Merck is advancing a broad and fast-growing clinical development
program for pembrolizumab with more than 85 clinical trials –
across more than 30 tumour types and over 14,000 patients – both as
a monotherapy and in combination with other therapies.
About Melanoma
Melanoma, the most serious form of skin cancer1, is
characterized by the uncontrolled growth of pigment-producing
cells. The incidence of melanoma has been increasing over the past
four decades – approximately 232,130 new cases were diagnosed
worldwide in 2012.
In Canada, in 2014, it was
estimated that 6,500 Canadians would be diagnosed with melanoma,
while 1,050 Canadians would die from melanoma2.

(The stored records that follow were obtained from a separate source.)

lemma feasible_le_lam1:
  assumes "feasible x" "i < k"
  shows "x i \<le> l1 i"
proof (rule le_lam1)
  fix e assume e: "e \<in> p i \<inter> E1 E k p"
  then have "users k p e = {i}" "e \<in> E"
    using users_E1_eq[of e _ k p i] assms(2) by (auto simp: E1_def)
  then show "x i \<le> Ct e" using assms(1) by (auto simp: lp_feasible_def)
qed (use assms in \<open>auto simp: lp_feasible_def\<close>)

lemma lam2_eq: "l2 i = l1 i * prod scale (p i \<inter> congested)"
proof -
  have "{e \<in> p i \<inter> E2 E k p. Ct e \<le> L e} = p i \<inter> congested"
    unfolding congested_def by auto
  then show ?thesis unfolding lam2_def scale_def by simp
qed

lemma lam2_nonneg: "i < k \<Longrightarrow> 0 \<le> l2 i"
  using lam1_nonneg prod_scale_bounds[of "p i \<inter> congested"] by (simp add: lam2_eq)

lemma lam2_le_lam1: "i < k \<Longrightarrow> l2 i \<le> l1 i"
  using lam1_nonneg prod_scale_bounds[of "p i \<inter> congested"]
  by (simp add: lam2_eq mult_left_le)

lemma lam2_le_lam: "i < k \<Longrightarrow> l2 i \<le> lam i"
  using lam2_le_lam1 lam1_le_lam order_trans by blast

lemma lam2_le_scaled:
  assumes i: "i < k" "e \<in> p i" and e: "e \<in> congested"
  shows "l2 i \<le> lam i * scale e"
proof -
  have "l2 i = (l1 i * prod scale (p i \<inter> congested - {e})) * scale e"
    using assms finite_path[OF i(1)] by (simp add: lam2_eq prod.remove[of _ e])
  also have "\<dots> \<le> l1 i * scale e"
    using prod_scale_bounds[of "p i \<inter> congested - {e}"] lam1_nonneg[OF i(1)] scale_bounds[OF e]
    by (intro mult_right_mono mult_left_le) auto
  also have "\<dots> \<le> lam i * scale e"
    using lam1_le_lam scale_bounds[OF e] by (intro mult_right_mono) auto
  finally show ?thesis .
qed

The five-year survival rates for advanced or metastatic melanoma
(Stage IV) are estimated to be 15 to 20 percent.
Our Focus on Cancer
Our goal is to translate breakthrough science into biomedical
innovations to help people with cancer worldwide. For Merck
Oncology, helping people fight cancer is our passion, supporting
accessibility to our cancer medicines is our commitment, and
pursuing research in immuno-oncology is our focus to potentially
bring new hope to people with cancer. For more information about
our oncology clinical trials, visit
www.merck.com/clinicaltrials.
About Merck
Today's Merck is a global healthcare leader working to help the
world be well. Merck is known as MSD outside Canada and the
United States. Through our prescription medicines, vaccines,
biologic therapies, and consumer care and animal health products,
we work with customers and operate in more than 140 countries to
deliver innovative health solutions. We also demonstrate our
commitment to increasing access to healthcare through far-reaching
policies, programs and partnerships. For more information about our
operations in Canada, visit
www.merck.ca.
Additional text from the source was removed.